(* Let $s\ge 1$, $q=2^s$, and let $k$ be an integer with $1\le k\le q/2$. Let $\beta\in\mathbb{F}_{q^2}$ be an element of multiplicative order $q+1$. Define $$g(X)=\prod_{i=\frac{q-k}{2}+1}^{\frac{q+k}{2}}(X-\beta^i)\quad\text{if $k$ is even},\qquad g(X)=\prod_{i=-\frac{k-1}{2}}^{\frac{k-1}{2}}(X-\beta^i)\quad\text{if $k$ is odd}.$$ Then $g(X)\in\mathbb{F}_q[X]$, $g$ is monic of degree $k$, $X^k g(X^{-1})=g(X)$, and, writing $g(X)=X^k+c_{k-1}X^{k-1}+\dots+c_1X+c_0$, the matrix $\mathsf{Companion}(c_0,\dots,c_{k-1})^k$ is MDS.
   Context: For $c_0,\dots,c_{k-1}\in\mathbb{F}_q$, $\mathsf{Companion}(c_0,\dots,c_{k-1})$ denotes the $k\times k$ matrix whose first $k-1$ rows are $e_2,e_3,\dots,e_k$ (ones on the superdiagonal, zeros elsewhere) and whose last row is $(c_0,c_1,\dots,c_{k-1})$. A linear code over $\mathbb{F}_q$ of length $n$ and dimension $k'$ is MDS if its minimal Hamming distance equals $n-k'+1$. A $k\times k$ matrix $M$ over $\mathbb{F}_q$ is called MDS if the $k\times 2k$ matrix $[I_k\mid M]$ generates an MDS code of length $2k$ and dimension $k$ (equivalently, minimal distance $k+1$). *)

theory Defs
  imports "Jordan_Normal_Form.Matrix" "HOL-Computational_Algebra.Polynomial"
begin

definition hamming_dist :: "'a::zero vec \<Rightarrow> 'a vec \<Rightarrow> nat" where
  "hamming_dist c d = card {j. j < dim_vec c \<and> c $ j \<noteq> d $ j}"

definition lin_code :: "'a::field set \<Rightarrow> 'a mat \<Rightarrow> 'a vec set" where
  "lin_code F G = {vec (dim_col G) (\<lambda>j. \<Sum>i<dim_row G. x $ i * G $$ (i, j)) | x.
       x \<in> carrier_vec (dim_row G) \<and> (\<forall>i<dim_row G. x $ i \<in> F)}"

definition min_distance :: "'a::field set \<Rightarrow> 'a mat \<Rightarrow> nat" where
  "min_distance F G = Min {hamming_dist c d | c d. c \<in> lin_code F G \<and> d \<in> lin_code F G \<and> c \<noteq> d}"

definition id_concat :: "nat \<Rightarrow> 'a::{zero,one} mat \<Rightarrow> 'a mat" where
  "id_concat k M = mat k (2 * k) (\<lambda>(i, j). if j < k then (if i = j then 1 else 0) else M $$ (i, j - k))"

text \<open>A k x k matrix M over F is MDS iff [I_k | M] generates an MDS code of length 2k and
  dimension k over F, i.e. its minimal distance is 2k - k + 1 = k + 1.\<close>
definition mds_matrix :: "'a::field set \<Rightarrow> nat \<Rightarrow> 'a mat \<Rightarrow> bool" where
  "mds_matrix F k M \<longleftrightarrow> M \<in> carrier_mat k k \<and> min_distance F (id_concat k M) = k + 1"

definition companion :: "nat \<Rightarrow> (nat \<Rightarrow> 'a::{zero,one}) \<Rightarrow> 'a mat" where
  "companion k c = mat k k (\<lambda>(i, j). if i + 1 < k then (if j = i + 1 then 1 else 0) else c j)"

text \<open>The subfield F_q of a field of order q^2: the fixed points of x \<mapsto> x^q.\<close>
definition subfield_q :: "nat \<Rightarrow> 'a::field set" where
  "subfield_q q = {x. x ^ q = x}"

end

theory Submission
  imports Defs "HOL-Computational_Algebra.Primes"
begin

(* A field with q^2 = 4^s elements has characteristic 2. As beta has order q + 1, the Frobenius
  x |-> x^q sends beta^i to beta^(-i), and so does inversion; the exponent sets are symmetric about
  0 (k odd) or (q + 1)/2 (k even), so both maps permute the roots of g. Hence g is fixed by the
  Frobenius, i.e. has coefficients in F_q, and is self-reciprocal.

  For the MDS property, the companion matrix C of g acts as multiplication by X modulo g, so the
  message x = (x_0, ..., x_(k-1)) is encoded by [I | C^k] as (x, X^k x mod g). Its weight is the
  number of nonzero coefficients of X^k x - (X^k x mod g), a nonzero multiple of g of degree
  below 2k. The roots of g are k consecutive powers beta^a beta^t, and beta^j are distinct for
  j < 2k <= q + 1, so the BCH bound gives weight at least k + 1, which is the Singleton bound. *)

section \<open>Characteristic 2 and the Frobenius map\<close>

lemma power_card_minus_one_eq_1:
  fixes x :: "'a::{field,finite}"
  assumes "x \<noteq> 0"
  shows "x ^ (card (UNIV :: 'a set) - 1) = 1"
proof -
  let ?U = "UNIV - {0 :: 'a}"
  have "(\<Prod>y\<in>?U. y) = (\<Prod>y\<in>?U. x * y)"
    by (rule prod.reindex_bij_witness[of _ "\<lambda>y. y / x" "\<lambda>y. x * y", symmetric])
      (use assms in auto)
  also have "\<dots> = x ^ card ?U * (\<Prod>y\<in>?U. y)"
    by (simp add: prod.distrib)
  finally have "x ^ card ?U = 1"
    by (simp add: prod_zero_iff)
  then show ?thesis
    by (simp add: card_Diff_singleton)
qed

lemma CHAR_eq_2_if_card_even:
  assumes "even (card (UNIV :: 'a::{field,finite} set))"
  shows "CHAR('a) = 2"
proof -
  have "odd (card (UNIV :: 'a set) - 1)"
    using assms finite_UNIV_card_ge_0[where 'a='a] by simp
  then have "(-1 :: 'a) = 1"
    using power_card_minus_one_eq_1[of "-1 :: 'a"] by simp
  then have "of_nat 2 = (1 - (-1) :: 'a)"
    by simp
  then have "of_nat 2 = (0 :: 'a)"
    using \<open>-1 = 1\<close> by simp
  then have "CHAR('a) dvd 2"
    using of_nat_eq_0_iff_char_dvd by blast
  then show ?thesis
    using two_is_prime_nat CHAR_not_1'[where 'a='a] unfolding prime_nat_iff by auto
qed

lemma map_poly_prod:
  fixes f :: "'a::comm_semiring_1 \<Rightarrow> 'b::comm_semiring_1"
  assumes add: "\<And>x y. f (x + y) = f x + f y" and mult: "\<And>x y. f (x * y) = f x * f y"
    and "f 0 = 0" "f 1 = 1"
  shows "map_poly f (\<Prod>i\<in>I. p i) = (\<Prod>i\<in>I. map_poly f (p i))"
proof -
  have map_poly_mult: "map_poly f (r * s) = map_poly f r * map_poly f s" for r s
    by (rule poly_eqI)
      (simp add: coeff_map_poly coeff_mult assms comp_def sum_comp_morphism[of f, symmetric])
  show ?thesis
    by (induction I rule: infinite_finite_induct) (simp_all add: map_poly_mult assms)
qed

lemma coeff_prod_linear_power_CHAR_eq:
  fixes r :: "'b \<Rightarrow> 'a::field"
  assumes "prime CHAR('a)" and m: "m = CHAR('a) ^ n"
    and \<sigma>: "bij_betw \<sigma> I I" and r: "\<And>i. i \<in> I \<Longrightarrow> r i ^ m = r (\<sigma> i)"
  shows "coeff (\<Prod>i\<in>I. [:- r i, 1:]) j ^ m = coeff (\<Prod>i\<in>I. [:- r i, 1:]) j"
proof -
  define \<phi> where "\<phi> x = x ^ m" for x :: 'a
  have "m > 0"
    using assms(1) m by (simp add: prime_gt_0_nat)
  have add: "\<phi> (x + y) = \<phi> x + \<phi> y" for x y
    unfolding \<phi>_def by (rule freshmans_dream'[OF assms(1) m])
  have hom: "\<phi> (x * y) = \<phi> x * \<phi> y" "\<phi> 0 = 0" "\<phi> 1 = 1" for x y
    unfolding \<phi>_def using \<open>m > 0\<close> by (simp_all add: power_mult_distrib)
  have neg: "\<phi> (- x) = - \<phi> x" for x
    using add[of x "- x"] hom(2) by (metis add.commute eq_neg_iff_add_eq_0 add.right_inverse)
  have "map_poly \<phi> [:- r i, 1:] = [:- r (\<sigma> i), 1:]" if "i \<in> I" for i
    using r[OF that] by (simp add: map_poly_pCons hom neg) (simp add: \<phi>_def)
  then have "map_poly \<phi> (\<Prod>i\<in>I. [:- r i, 1:]) = (\<Prod>i\<in>I. [:- r (\<sigma> i), 1:])"
    by (simp add: map_poly_prod[OF add hom] cong: prod.cong)
  also have "\<dots> = (\<Prod>i\<in>I. [:- r i, 1:])"
    by (rule prod.reindex_bij_betw[OF \<sigma>])
  finally show ?thesis
    by (metis coeff_map_poly \<phi>_def hom(2))
qed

——

Directions> Check each line of the material for "imports". Copy the ones that have it.

Response for this exercise>
  imports "Jordan_Normal_Form.Matrix" "HOL-Computational_Algebra.Polynomial"
  imports Defs "HOL-Computational_Algebra.Primes"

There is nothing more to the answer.